= Joseph M. Casey =

American lawyer, judge, and politician (1827–1895)

Joseph M. Casey (25 March 1827 – 9 February 1895) was an American lawyer, judge, and politician.

Joseph M. Casey was born on 25 March 1827, to parents Green Casey and Jane Patterson, who were living in Adair County, Kentucky, at the time. Casey's father was the first male child to be born in Adair County, and his mother was a native of Rockbridge County, Virginia. The Casey family and their six children later moved to Keokuk County, Iowa. When Joseph was eleven, his father died.

Joseph Casey pursued the study of law under John F. Kinney of Lee County, and passed the Iowa bar in 1847. Casey began practicing law in Keokuk County, serving as the county's prosecuting attorney for five years. From October 1859, Casey was Keokuk County judge. His county judgeship ended in April 1861, when he moved to Fort Madison. While a resident of Fort Madison, Casey was appointed to a judgeship in the first judicial district. Politically, Casey supported Lewis Cass during the 1844 Democratic National Convention. Casey served twice as mayor of Fort Madison.
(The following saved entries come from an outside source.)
lemma mirror_mirror [simp]: "mirror (mirror f) = f"
  by (simp add: mirror_def fun_eq_iff)

lemma mirror_comp: "mirror (f \<circ> g) = mirror f \<circ> mirror g"
  by (simp add: mirror_def fun_eq_iff)

lemma aut_mirror:
  assumes "aut f"
  shows "aut (mirror f)"
proof (rule aut_if_strict_mono_surj)
  show "strict_mono (mirror f)" by (rule strict_monoI) (simp add: mirror_def aut_less_iff assms)
  show "surj (mirror f)"
    by (rule surjI[of _ "mirror (inv f)"]) (simp add: mirror_def aut_apply_inv assms)
qed

lemma inv_mirror:
  assumes "aut f"
  shows "inv (mirror f) = mirror (inv f)"
proof
  fix y
  have "mirror f (mirror (inv f) y) = y" by (simp add: mirror_def aut_apply_inv assms)
  then show "inv (mirror f) y = mirror (inv f) y"
    using aut_inv_apply[OF aut_mirror[OF assms], of "mirror (inv f) y"] by simp
qed

lemma mem_uminus_image: "(x :: rat) \<in> uminus ` A \<longleftrightarrow> - x \<in> A"
proof
  assume "x \<in> uminus ` A"
  then show "- x \<in> A" by auto
next
  assume "- x \<in> A"
  then have "- (- x) \<in> uminus ` A" by (rule imageI)
  then show "x \<in> uminus ` A" by simp
qed

lemma supp_mirror: "supp (mirror f) = uminus ` supp f"
  by (rule set_eqI) (auto simp: supp_def mirror_def mem_uminus_image)

lemma nontriv_orbitals_mirror:
  assumes "aut f"
  shows "nontriv_orbitals (mirror f) = image uminus ` nontriv_orbitals f"
proof (rule nontriv_orbitals_intertwine[where \<sigma> = uminus, OF assms aut_mirror[OF assms]])
  show "mirror f (- x) = - f x" for x by (simp add: mirror_def)
  show "surj (uminus :: rat \<Rightarrow> rat)" by (rule surjI[of _ uminus]) simp
  show "(\<forall>u v. - u \<le> - v \<longleftrightarrow> u \<le> v) \<or> (\<forall>u v :: rat. - u \<le> - v \<longleftrightarrow> v \<le> u)" by simp
qed

lemma bump_mirror:
  assumes "bump g"
  shows "bump (mirror g)"
proof -
  have g: "aut g" and "g \<noteq> id" using assms by (simp_all add: bump_def)
  then have "mirror g \<noteq> id" by (metis mirror_mirror mirror_def id_apply minus_minus fun_eq_iff)
  obtain C where "nontriv_orbitals g = {C}" using assms unfolding bump_def by blast
  then have "nontriv_orbitals (mirror g) = {uminus ` C}" by (simp add: nontriv_orbitals_mirror g)
  with \<open>mirror g \<noteq> id\<close> show ?thesis by (simp add: bump_def aut_mirror g)
qed

lemma satisfies_inf_mirror:
  assumes "satisfies_inf f"
  shows "satisfies_inf (mirror f)"
proof -
  obtain g g1 g2 h where g: "aut g" and g1: "aut g1" and g2: "aut g2"
    and r: "restriction_of g f" and o: "orbital_elt_of g1 g" and fac: "g = g1 \<circ> g2"
    and h: "aut h" and conj: "g2 = h \<circ> g \<circ> inv h"
    using assms unfolding satisfies_inf_def by blast
  have "restriction_of (mirror g) (mirror f)"
    using r unfolding restriction_of_def supp_mirror by (auto simp: mirror_def)
  moreover have "orbital_elt_of (mirror g1) (mirror g)"
    using o bump_mirror unfolding orbital_elt_of_def supp_mirror by (auto simp: mirror_def)
  moreover have "mirror g2 = mirror h \<circ> mirror g \<circ> inv (mirror h)"
    by (simp add: conj mirror_comp inv_mirror h)
  ultimately show ?thesis unfolding satisfies_inf_def
    using aut_mirror g g1 g2 h fac mirror_comp by metis
qed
He also served in both houses of the Iowa General Assembly as a Democrat. Between 1880 and 1882, he was a member of the Iowa House of Representatives for District 1. From 1886 to 1888, Casey occupied the District 1 seat in the Iowa Senate.

In 1854, Casey married Ohio native Sarah J. Ward. The couple raised five children, four of whom survived to adulthood. Casey died at home in Fort Madison on 9 February 1895.